-- Work item --
Find how many lines in the entries below carry the word "define" and answer with only that figure.
##############################
lemma apply_chan_erasure:
  fixes r :: "'a::finite \<Rightarrow> real"
  assumes "(\<Sum>a\<in>UNIV. r a) = 1"
  shows "apply_chan (erasure a k) r t = (if t = 0 then 1 - a else a * apply_chan k r (t - 1))"
  using assms by (simp add: apply_chan_def erasure_def sum_distrib_left[symmetric] mult.assoc)

lemma xlnx_ratio_cancel: "(c * u) * ln ((c * u) / (c * v)) = c * (u * ln (u / v))" for c u v :: real
  by (cases "c = 0") auto

lemma chan_info_erasure:
  fixes r :: "'a::finite \<Rightarrow> real"
  assumes "channel k" "0 \<le> a" "a \<le> 1" "\<And>x. 0 < r x" "(\<Sum>x\<in>UNIV. r x) = 1"
  shows "chan_info r (erasure a k) = a * chan_info r k"
proof -
  have "(\<Sum>\<^sub>\<infinity>t. erasure a k x t * ln (erasure a k x t / apply_chan (erasure a k) r t))
      = a * (\<Sum>\<^sub>\<infinity>t. k x t * ln (k x t / apply_chan k r t))" for x
  proof -
    have "((\<lambda>t. if t = 0 then 0 else a * (k x (t - 1) * ln (k x (t - 1) / apply_chan k r (t - 1))))
        has_sum (0 + a * (\<Sum>\<^sub>\<infinity>t. k x t * ln (k x t / apply_chan k r t)))) UNIV"
      using assms by (intro has_sum_nat_shift has_sum_cmult_right has_sum_channel_divergence)
    moreover have
      "(\<lambda>t. if t = 0 then 0 else a * (k x (t - 1) * ln (k x (t - 1) / apply_chan k r (t - 1))))
        = (\<lambda>t. erasure a k x t * ln (erasure a k x t / apply_chan (erasure a k) r t))"
      using assms(5) by (auto simp: apply_chan_erasure erasure_def xlnx_ratio_cancel)
    ultimately show ?thesis
      by (simp add: infsumI)
  qed
  then show ?thesis
    unfolding chan_info_def by (simp add: sum_distrib_left mult.left_commute)
qed

lemma channel_ib_ext:
  fixes k :: "'x \<Rightarrow> nat \<Rightarrow> real"
  assumes "channel k"
  shows "channel (ib_ext k :: 'x \<times> 'y::finite \<Rightarrow> nat \<times> 'y \<Rightarrow> real)"
  unfolding channel_def
proof (intro allI conjI)
  fix xy :: "'x \<times> 'y" and z :: "nat \<times> 'y"
  show "0 \<le> ib_ext k xy z"
    using assms by (simp add: ib_ext_def channel_nonneg split: prod.split)
next
  fix xy :: "'x \<times> 'y"
  obtain x y where xy: "xy = (x, y)"
    by fastforce
  have "(ib_ext k (x, y) has_sum (\<Sum>y'\<in>UNIV. 1 * (if y' = y then 1 else 0))) UNIV"
    using assms by (intro has_sum_prod_finite_snd)
      (simp add: ib_ext_def has_sum_cmult_left channel_has_sum)
  then show "(ib_ext k xy has_sum 1) UNIV"
    by (simp add: xy)
qed

lemma ib_ext_in_C_IB: "channel k \<Longrightarrow> ib_ext k \<in> C_IB"
  unfolding C_IB_def by blast

lemma ball_C_IB_iff: "(\<forall>k'\<in>C_IB. P k') \<longleftrightarrow> (\<forall>k. channel k \<longrightarrow> P (ib_ext k))"
  unfolding C_IB_def by blast

lemma apply_chan_ib_ext:
  fixes r :: "'x::finite \<times> 'y::finite \<Rightarrow> real"
  shows "apply_chan (ib_ext k) r (t, y) = (\<Sum>x\<in>UNIV. r (x, y) * k x t)"
proof -
  have "(\<Sum>y'\<in>UNIV. k x t * (if y = y' then 1 else 0) * r (x, y')) = r (x, y) * k x t" for x
    by (subst sum.cong[OF refl, of _ _ "\<lambda>y'. if y = y' then r (x, y) * k x t else 0"]) auto
  then show ?thesis
    by (simp add: apply_chan_def ib_ext_def sum_UNIV_prod)
qed

lemma min_on_level_iff_min_on_superlevel:
  fixes f g :: "'c \<Rightarrow> real" and scale :: "real \<Rightarrow> 'c \<Rightarrow> 'c"
  assumes "0 \<le> lam" "c \<in> C"
    and g_le_f: "\<And>c. c \<in> C \<Longrightarrow> g c \<le> f c"
    and scale: "\<And>a c. c \<in> C \<Longrightarrow> 0 \<le> a \<Longrightarrow> a \<le> 1 \<Longrightarrow>
      scale a c \<in> C \<and> f (scale a c) = a * f c \<and> g (scale a c) = a * g c"
  shows "(g c = lam \<and> (\<forall>c'\<in>C. g c' = lam \<longrightarrow> f c \<le> f c')) \<longleftrightarrow>
    (lam \<le> g c \<and> (\<forall>c'\<in>C. lam \<le> g c' \<longrightarrow> f c \<le> f c'))"
proof
  assume level: "g c = lam \<and> (\<forall>c'\<in>C. g c' = lam \<longrightarrow> f c \<le> f c')"
  show "lam \<le> g c \<and> (\<forall>c'\<in>C. lam \<le> g c' \<longrightarrow> f c \<le> f c')"
  proof (intro conjI ballI impI)
    fix c' assume "c' \<in> C" "lam \<le> g c'"
    \<comment> \<open>if \<open>g c' = 0\<close> then \<open>lam = 0\<close>, and the junk value \<open>a = 0\<close> still works\<close>
    define a where "a = lam / g c'"
    have "0 \<le> a" "a \<le> 1"
      using \<open>0 \<le> lam\<close> \<open>lam \<le> g c'\<close> by (auto simp: a_def divide_le_eq_1)
    have "a * g c' = lam"
      using \<open>0 \<le> lam\<close> \<open>lam \<le> g c'\<close> by (cases "g c' = 0") (auto simp: a_def)
    then have "scale a c' \<in> C" "g (scale a c') = lam"
      using scale[OF \<open>c' \<in> C\<close> \<open>0 \<le> a\<close> \<open>a \<le> 1\<close>] by simp_all
    then have "f c \<le> f (scale a c')"
      using level by blast
    also have "\<dots> = a * f c'"
      using scale[OF \<open>c' \<in> C\<close> \<open>0 \<le> a\<close> \<open>a \<le> 1\<close>] by simp
    also have "\<dots> \<le> f c'"
      using g_le_f[OF \<open>c' \<in> C\<close>] \<open>0 \<le> lam\<close> \<open>lam \<le> g c'\<close> \<open>0 \<le> a\<close> \<open>a \<le> 1\<close>
      by (intro mult_left_le_one_le) auto
    finally show "f c \<le> f c'" .
  qed (use level in simp)
next
  assume superlevel: "lam \<le> g c \<and> (\<forall>c'\<in>C. lam \<le> g c' \<longrightarrow> f c \<le> f c')"
  have "g c = lam"
  proof (rule ccontr)
    assume "g c \<noteq> lam"
    with superlevel \<open>0 \<le> lam\<close> have "lam < g c" "0 < g c"
      by auto
    define a where "a = lam / g c"
    have "0 \<le> a" "a < 1" "a * g c = lam"
      using \<open>0 \<le> lam\<close> \<open>lam < g c\<close> \<open>0 < g c\<close> by (auto simp: a_def field_simps)
    then have "scale a c \<in> C" "g (scale a c) = lam"
      using scale[OF \<open>c \<in> C\<close>] by simp_all
    then have "f c \<le> f (scale a c)"
      using superlevel by simp
    also have "\<dots> = a * f c"
      using scale[OF \<open>c \<in> C\<close> \<open>0 \<le> a\<close>] \<open>a < 1\<close> by simp
    also have "\<dots> < f c"
      using g_le_f[OF \<open>c \<in> C\<close>] \<open>0 < g c\<close> \<open>a < 1\<close> by simp
    finally show False
      by simp
  qed
  with superlevel show "g c = lam \<and> (\<forall>c'\<in>C. g c' = lam \<longrightarrow> f c \<le> f c')"
    by auto
qed

locale ib_source =
  fixes p :: "'x::finite \<times> 'y::finite \<Rightarrow> real"
  assumes p_pos: "\<And>z. 0 < p z" and p_sum: "(\<Sum>z\<in>UNIV. p z) = 1"
begin

definition px :: "'x \<Rightarrow> real" where
  "px x = (\<Sum>y\<in>UNIV. p (x, y))"

definition py :: "'y \<Rightarrow> real" where
  "py y = (\<Sum>x\<in>UNIV. p (x, y))"

text \<open>The channel from \<open>Y\<close> to \<open>T\<close> of the Markov chain \<open>Y - X - T\<close>.\<close>
definition y_channel :: "('x \<Rightarrow> 'b \<Rightarrow> real) \<Rightarrow> 'y \<Rightarrow> 'b \<Rightarrow> real" where
  "y_channel k y t = (\<Sum>x\<in>UNIV. p (x, y) * k x t) / py y"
##############################
-- Worked solution --
2